Material for this task:
◆ ◆ ◆ ◆ ◆ ◆ ◆
(* Let $Y$ be a finite poset with a unique maximal node, let $(S,M)$ be a reduced quasi-excellent local ring containing $\mathbb Q$ with $|S|=|S/M|=c$, and let $\Psi:Y\to\operatorname{Spec}(S)$ be a saturated embedding that is coheight-preserving along $\operatorname{Min}(S)$. Then $\dim(Y)=\dim(S)$.
   Context: $c$ is the cardinality of $\mathbb R$. $\dim$ of a poset = supremum of lengths of finite chains (length = number of elements minus one); $x^{\uparrow}_Y=\{z\in Y:x\le z\}$. A saturated embedding $f$ satisfies $x\le y\iff f(x)\le f(y)$ and $x<_cy\Rightarrow f(x)<_cf(y)$, where $x<_cy$ means $x<y$ with nothing strictly between. $\operatorname{Spec}(S)$ is ordered by inclusion. $\Psi$ is coheight-preserving along $\operatorname{Min}(S)$ if for every minimal prime $P$ of $S$ there is $x\in Y$ with $\Psi(x)=P$ and $\dim(S/P)=\dim(x^{\uparrow}_Y)$. *)

theory Defs
  imports "HOL-Algebra.Algebra" "HOL-Library.Equipollence" "HOL-Library.Extended_Nat"
begin

definition pdim :: "('c \<Rightarrow> 'c \<Rightarrow> bool) \<Rightarrow> 'c set \<Rightarrow> enat" where
  "pdim r A = (SUP C \<in> {C. C \<subseteq> A \<and> finite C \<and> C \<noteq> {} \<and>
                        (\<forall>x\<in>C. \<forall>y\<in>C. r x y \<or> r y x)}. enat (card C - 1))"

definition covby :: "('c \<Rightarrow> 'c \<Rightarrow> bool) \<Rightarrow> 'c set \<Rightarrow> 'c \<Rightarrow> 'c \<Rightarrow> bool" where
  "covby s A x y \<longleftrightarrow> x \<in> A \<and> y \<in> A \<and> s x y \<and> \<not> (\<exists>z\<in>A. s x z \<and> s z y)"

definition Spec :: "('a, 'b) ring_scheme \<Rightarrow> 'a set set" where
  "Spec R = {P. primeideal P R}"

definition krull_dim :: "('a, 'b) ring_scheme \<Rightarrow> enat" where
  "krull_dim R = pdim (\<subseteq>) (Spec R)"

definition min_primes :: "('a, 'b) ring_scheme \<Rightarrow> 'a set set" where
  "min_primes R = {P \<in> Spec R. \<forall>Q \<in> Spec R. Q \<subseteq> P \<longrightarrow> Q = P}"

definition local_ring :: "('a, 'b) ring_scheme \<Rightarrow> 'a set \<Rightarrow> bool" where
  "local_ring R M \<longleftrightarrow> cring R \<and> maximalideal M R \<and> (\<forall>I. maximalideal I R \<longrightarrow> I = M)"

definition reduced_ring :: "('a, 'b) ring_scheme \<Rightarrow> bool" where
  "reduced_ring R \<longleftrightarrow> (\<forall>x \<in> carrier R. \<forall>n::nat. x [^]\<^bsub>R\<^esub> n = \<zero>\<^bsub>R\<^esub> \<longrightarrow> x = \<zero>\<^bsub>R\<^esub>)"

text \<open>R contains Q: every positive integer multiple of 1 is a unit
  (equivalently, the canonical map Z -> R extends to Q -> R).\<close>
definition contains_rationals :: "('a, 'b) ring_scheme \<Rightarrow> bool" where
  "contains_rationals R \<longleftrightarrow> (\<forall>n::nat. n > 0 \<longrightarrow> [n] \<cdot>\<^bsub>R\<^esub> \<one>\<^bsub>R\<^esub> \<in> Units R)"

definition saturated_embedding :: "('y::order \<Rightarrow> 'a set) \<Rightarrow> ('a, 'b) ring_scheme \<Rightarrow> bool" where
  "saturated_embedding \<Psi> R \<longleftrightarrow>
     (\<forall>x. \<Psi> x \<in> Spec R) \<and>
     (\<forall>x y. x \<le> y \<longleftrightarrow> \<Psi> x \<subseteq> \<Psi> y) \<and>
     (\<forall>x y. covby (<) UNIV x y \<longrightarrow> covby (\<subset>) (Spec R) (\<Psi> x) (\<Psi> y))"

definition coheight_preserving_min :: "('y::order \<Rightarrow> 'a set) \<Rightarrow> ('a, 'b) ring_scheme \<Rightarrow> bool" where
  "coheight_preserving_min \<Psi> R \<longleftrightarrow>
     (\<forall>P \<in> min_primes R. \<exists>x. \<Psi> x = P \<and> krull_dim (R Quot P) = pdim (\<le>) {z. x \<le> z})"

end

theory Submission
  imports Defs
begin

text \<open>Since \<Psi> is an order embedding, chains of Y map to chains of primes, so
  dim Y \<le> dim S. Conversely, the bottom of a finite chain of primes contains a
  minimal prime P, and the chain then descends to a chain of primes of S/P; hence
  dim S is the supremum of dim(S/P) over minimal primes P. Coheight preservation
  identifies dim(S/P) with the dimension of an up-set of Y, which is at most dim Y.\<close>

lemma chain_card_le_pdim:
  assumes "C \<subseteq> A" "finite C" "C \<noteq> {}" "\<forall>x\<in>C. \<forall>y\<in>C. r x y \<or> r y x"
  shows "enat (card C - 1) \<le> pdim r A"
  unfolding pdim_def by (rule SUP_upper) (use assms in blast)

lemma pdim_mono: "A \<subseteq> B \<Longrightarrow> pdim r A \<le> pdim r B"
  unfolding pdim_def by (rule SUP_subset_mono) auto

lemma pdim_le_pdim_inj_on:
  assumes inj: "inj_on f A" and img: "f ` A \<subseteq> B"
    and mono: "\<And>x y. x \<in> A \<Longrightarrow> y \<in> A \<Longrightarrow> r x y \<Longrightarrow> s (f x) (f y)"
  shows "pdim r A \<le> pdim s B"
  unfolding pdim_def[of r]
proof (rule SUP_least)
  fix C assume C: "C \<in> {C. C \<subseteq> A \<and> finite C \<and> C \<noteq> {} \<and> (\<forall>x\<in>C. \<forall>y\<in>C. r x y \<or> r y x)}"
  then have "card (f ` C) = card C"
    using inj_on_subset[OF inj] by (simp add: card_image)
  moreover have "enat (card (f ` C) - 1) \<le> pdim s B"
    using C img mono by (intro chain_card_le_pdim) blast+
  ultimately show "enat (card C - 1) \<le> pdim s B" by simp
qed

lemma (in cring) primeideal_Inter_chain:
  assumes ne: "C \<noteq> {}" and prime: "\<And>I. I \<in> C \<Longrightarrow> primeideal I R" and ch: "chain\<^sub>\<subseteq> C"
  shows "primeideal (\<Inter>C) R"
proof (rule primeidealI)
  show "ideal (\<Inter>C) R"
    by (rule i_Intersect) (use prime ne primeideal.axioms(1) in auto)
  show "cring R" by (rule is_cring)
  show "carrier R \<noteq> \<Inter>C"
  proof
    assume "carrier R = \<Inter>C"
    with ne obtain I where "I \<in> C" "carrier R \<subseteq> I" by blast
    then show False
      using prime primeideal.I_notcarr ideal.axioms(1) additive_subgroup.a_subset
        primeideal.axioms(1) by blast
  qed
next
  fix a b assume ab: "a \<in> carrier R" "b \<in> carrier R" "a \<otimes> b \<in> \<Inter>C"
  show "a \<in> \<Inter>C \<or> b \<in> \<Inter>C"
  proof (rule ccontr)
    assume "\<not> (a \<in> \<Inter>C \<or> b \<in> \<Inter>C)"
    then obtain I J where IJ: "I \<in> C" "a \<notin> I" "J \<in> C" "b \<notin> J" by blast
    have "b \<in> I" and "a \<in> J"
      using primeideal.I_prime[OF prime ab(1,2)] ab(3) IJ by blast+
    with IJ ch show False unfolding chain_subset_def by blast
  qed
qed

lemma (in cring) exists_min_prime_subset:
  assumes Q: "Q \<in> Spec R"
  shows "\<exists>P\<in>min_primes R. P \<subseteq> Q"
proof -
  define A where "A = {P \<in> Spec R. P \<subseteq> Q}"
  have po: "partial_order_on A (relation_of (\<supseteq>) A)"
    by (rule partial_order_on_relation_ofI) auto
  have "\<exists>m \<in> A. \<forall>a \<in> A. m \<supseteq> a \<longrightarrow> a = m"
  proof (rule predicate_Zorn[OF po])
    fix C assume "C \<in> Chains (relation_of (\<supseteq>) A)"
    then have CA: "C \<subseteq> A" and ch: "chain\<^sub>\<subseteq> C"
      unfolding Chains_def relation_of_def chain_subset_def by auto
    show "\<exists>u\<in>A. \<forall>a\<in>C. u \<subseteq> a"
    proof (cases "C = {}")
      case True
      with Q show ?thesis unfolding A_def by auto
    next
      case False
      have "primeideal (\<Inter>C) R"
        using CA ch False by (intro primeideal_Inter_chain) (auto simp: A_def Spec_def)
      with False CA have "\<Inter>C \<in> A" unfolding A_def Spec_def by auto
      then show ?thesis by blast
    qed
  qed
  then obtain m where m: "m \<in> A" "\<forall>a \<in> A. m \<supseteq> a \<longrightarrow> a = m" by blast
  then have "m \<in> min_primes R" unfolding min_primes_def A_def by auto
  with m show ?thesis unfolding A_def by blast
qed

lemma (in cring) primeideal_quot_primeideal:
  assumes P: "primeideal P R" and Q: "primeideal Q R" and PQ: "P \<subseteq> Q"
  shows "primeideal ((+>) P ` Q) (R Quot P)"
proof -
  have iP: "ideal P R" and iQ: "ideal Q R" using P Q primeideal.axioms(1) by auto
  have iQ': "ideal ((+>) P ` Q) (R Quot P)" by (rule ring_ideal_imp_quot_ideal[OF iP iQ])
  have sub: "(+>) P ` Q \<subseteq> carrier (R Quot P)"
    using iQ' ideal.axioms(1) additive_subgroup.a_subset by blast
  have "\<Union> ((+>) P ` Q) = Q" using ideal_incl_iff[OF iP iQ] PQ by auto
  then have mem: "\<And>a. a \<in> carrier R \<Longrightarrow> a \<in> Q \<longleftrightarrow> P +> a \<in> (+>) P ` Q"
    using canonical_proj_vimage_mem_iff[OF iP sub] by auto
  have carr: "carrier (R Quot P) = (+>) P ` carrier R"
    unfolding FactRing_def A_RCOSETS_def' by auto
  show ?thesis
  proof (rule primeidealI[OF iQ' ideal.quotient_is_cring[OF iP is_cring]])
    show "carrier (R Quot P) \<noteq> (+>) P ` Q"
    proof
      assume "carrier (R Quot P) = (+>) P ` Q"
      then have "\<forall>a\<in>carrier R. a \<in> Q" using mem carr by auto
      then show False
        using primeideal.I_notcarr[OF Q] iQ ideal.axioms(1) additive_subgroup.a_subset by blast
    qed
  next
    fix a b assume ab: "a \<in> carrier (R Quot P)" "b \<in> carrier (R Quot P)"
      "a \<otimes>\<^bsub>R Quot P\<^esub> b \<in> (+>) P ` Q"
    obtain x y where xy: "x \<in> carrier R" "y \<in> carrier R" "a = P +> x" "b = P +> y"
      using ab(1,2) carr by auto
    have "a \<otimes>\<^bsub>R Quot P\<^esub> b = P +> (x \<otimes> y)"
      using ideal.rcoset_mult_add[OF iP xy(1,2)] xy unfolding FactRing_def by simp
    then have "x \<otimes> y \<in> Q" using mem[of "x \<otimes> y"] ab(3) xy by auto
    then have "x \<in> Q \<or> y \<in> Q" using primeideal.I_prime[OF Q xy(1,2)] by blast
    then show "a \<in> (+>) P ` Q \<or> b \<in> (+>) P ` Q" using xy mem by auto
  qed
qed

lemma (in cring) pdim_primes_above_le_krull_dim_Quot:
  assumes P: "primeideal P R"
  shows "pdim (\<subseteq>) {Q \<in> Spec R. P \<subseteq> Q} \<le> krull_dim (R Quot P)"
  unfolding krull_dim_def
proof (rule pdim_le_pdim_inj_on)
  have iP: "ideal P R" using P primeideal.axioms(1) by blast
  have "\<Union> ((+>) P ` Q) = Q" if "Q \<in> Spec R" "P \<subseteq> Q" for Q
    using that ideal_incl_iff[OF iP] primeideal.axioms(1) unfolding Spec_def by blast
  then show "inj_on (\<lambda>Q. (+>) P ` Q) {Q \<in> Spec R. P \<subseteq> Q}"
    by (intro inj_on_inverseI[where g = Union]) blast
  show "(\<lambda>Q. (+>) P ` Q) ` {Q \<in> Spec R. P \<subseteq> Q} \<subseteq> Spec (R Quot P)"
    using primeideal_quot_primeideal[OF P] unfolding Spec_def by blast
qed blast

lemma (in cring) krull_dim_le_if_min_primes:
  assumes bound: "\<And>P. P \<in> min_primes R \<Longrightarrow> krull_dim (R Quot P) \<le> d"
  shows "krull_dim R \<le> d"
  unfolding krull_dim_def pdim_def[of "(\<subseteq>)"]
proof (rule SUP_least)
  fix C assume "C \<in> {C. C \<subseteq> Spec R \<and> finite C \<and> C \<noteq> {} \<and> (\<forall>x\<in>C. \<forall>y\<in>C. x \<subseteq> y \<or> y \<subseteq> x)}"
  then have C: "C \<subseteq> Spec R" "finite C" "C \<noteq> {}" "\<forall>x\<in>C. \<forall>y\<in>C. x \<subseteq> y \<or> y \<subseteq> x"
    by auto
  then have "\<Inter>C \<in> C" by (intro Inter_in_chain) (auto simp: subset.chain_def)
  then obtain P where P: "P \<in> min_primes R" "P \<subseteq> \<Inter>C"
    using C(1) exists_min_prime_subset by blast
  then have "C \<subseteq> {Q \<in> Spec R. P \<subseteq> Q}" using C(1) by blast
  then have "enat (card C - 1) \<le> pdim (\<subseteq>) {Q \<in> Spec R. P \<subseteq> Q}"
    using C(2-4) by (rule chain_card_le_pdim)
  also have "\<dots> \<le> krull_dim (R Quot P)"
    using P by (intro pdim_primes_above_le_krull_dim_Quot) (simp add: min_primes_def Spec_def)
  also have "\<dots> \<le> d" using bound P by blast
  finally show "enat (card C - 1) \<le> d" .
qed

lemma pdim_le_krull_dim_if_saturated_embedding:
  fixes \<Psi> :: "'y::order \<Rightarrow> 'a set"
  assumes "saturated_embedding \<Psi> R"
  shows "pdim (\<le>) (UNIV :: 'y set) \<le> krull_dim R"
  unfolding krull_dim_def
proof (rule pdim_le_pdim_inj_on)
  have ord: "\<And>x y. x \<le> y \<longleftrightarrow> \<Psi> x \<subseteq> \<Psi> y"
    using assms unfolding saturated_embedding_def by blast
  then show "inj_on \<Psi> UNIV" by (intro injI) (metis order_antisym order_refl)
  show "\<Psi> ` UNIV \<subseteq> Spec R" using assms unfolding saturated_embedding_def by blast
  show "\<And>x y. x \<le> y \<Longrightarrow> \<Psi> x \<subseteq> \<Psi> y" using ord by blast
qed

lemma krull_dim_Quot_le_pdim_if_coheight_preserving:
  fixes \<Psi> :: "'y::order \<Rightarrow> 'a set"
  assumes "coheight_preserving_min \<Psi> R" and "P \<in> min_primes R"
  shows "krull_dim (R Quot P) \<le> pdim (\<le>) (UNIV :: 'y set)"
  using assms pdim_mono[of _ UNIV] unfolding coheight_preserving_min_def by fastforce

theorem mainTheorem9:
  fixes R :: "('a, 'b) ring_scheme" and M :: "'a set"
    and \<Psi> :: "'y::{order,finite} \<Rightarrow> 'a set"
  assumes unique_max: "\<exists>!m::'y. \<forall>z. m \<le> z \<longrightarrow> z = m"
    and local: "local_ring R M"
    and noeth: "noetherian_ring R"
    and reduced: "reduced_ring R"
    and rat: "contains_rationals R"
    and card_S: "carrier R \<approx> (UNIV :: real set)"
    and card_res: "carrier (R Quot M) \<approx> (UNIV :: real set)"
    and sat: "saturated_embedding \<Psi> R"
    and coh: "coheight_preserving_min \<Psi> R"
  shows "pdim (\<le>) (UNIV :: 'y set) = krull_dim R"
proof (rule antisym)
  show "pdim (\<le>) (UNIV :: 'y set) \<le> krull_dim R"
    using sat by (rule pdim_le_krull_dim_if_saturated_embedding)
  interpret cring R using local unfolding local_ring_def by blast
  show "krull_dim R \<le> pdim (\<le>) (UNIV :: 'y set)"
    using coh by (intro krull_dim_le_if_min_primes krull_dim_Quot_le_pdim_if_coheight_preserving)
qed

end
◆ ◆ ◆ ◆ ◆ ◆ ◆
What the exercise asks: Output, exactly and in full, the lines from the start of the entries above through the line that contains "ring_scheme \<Rightarrow> 'a set \<Rightarrow>".

Answer to this task:
(* Let $Y$ be a finite poset with a unique maximal node, let $(S,M)$ be a reduced quasi-excellent local ring containing $\mathbb Q$ with $|S|=|S/M|=c$, and let $\Psi:Y\to\operatorname{Spec}(S)$ be a saturated embedding that is coheight-preserving along $\operatorname{Min}(S)$. Then $\dim(Y)=\dim(S)$.
   Context: $c$ is the cardinality of $\mathbb R$. $\dim$ of a poset = supremum of lengths of finite chains (length = number of elements minus one); $x^{\uparrow}_Y=\{z\in Y:x\le z\}$. A saturated embedding $f$ satisfies $x\le y\iff f(x)\le f(y)$ and $x<_cy\Rightarrow f(x)<_cf(y)$, where $x<_cy$ means $x<y$ with nothing strictly between. $\operatorname{Spec}(S)$ is ordered by inclusion. $\Psi$ is coheight-preserving along $\operatorname{Min}(S)$ if for every minimal prime $P$ of $S$ there is $x\in Y$ with $\Psi(x)=P$ and $\dim(S/P)=\dim(x^{\uparrow}_Y)$. *)

theory Defs
  imports "HOL-Algebra.Algebra" "HOL-Library.Equipollence" "HOL-Library.Extended_Nat"
begin

definition pdim :: "('c \<Rightarrow> 'c \<Rightarrow> bool) \<Rightarrow> 'c set \<Rightarrow> enat" where
  "pdim r A = (SUP C \<in> {C. C \<subseteq> A \<and> finite C \<and> C \<noteq> {} \<and>
                        (\<forall>x\<in>C. \<forall>y\<in>C. r x y \<or> r y x)}. enat (card C - 1))"

definition covby :: "('c \<Rightarrow> 'c \<Rightarrow> bool) \<Rightarrow> 'c set \<Rightarrow> 'c \<Rightarrow> 'c \<Rightarrow> bool" where
  "covby s A x y \<longleftrightarrow> x \<in> A \<and> y \<in> A \<and> s x y \<and> \<not> (\<exists>z\<in>A. s x z \<and> s z y)"

definition Spec :: "('a, 'b) ring_scheme \<Rightarrow> 'a set set" where
  "Spec R = {P. primeideal P R}"

definition krull_dim :: "('a, 'b) ring_scheme \<Rightarrow> enat" where
  "krull_dim R = pdim (\<subseteq>) (Spec R)"

definition min_primes :: "('a, 'b) ring_scheme \<Rightarrow> 'a set set" where
  "min_primes R = {P \<in> Spec R. \<forall>Q \<in> Spec R. Q \<subseteq> P \<longrightarrow> Q = P}"

definition local_ring :: "('a, 'b) ring_scheme \<Rightarrow> 'a set \<Rightarrow> bool" where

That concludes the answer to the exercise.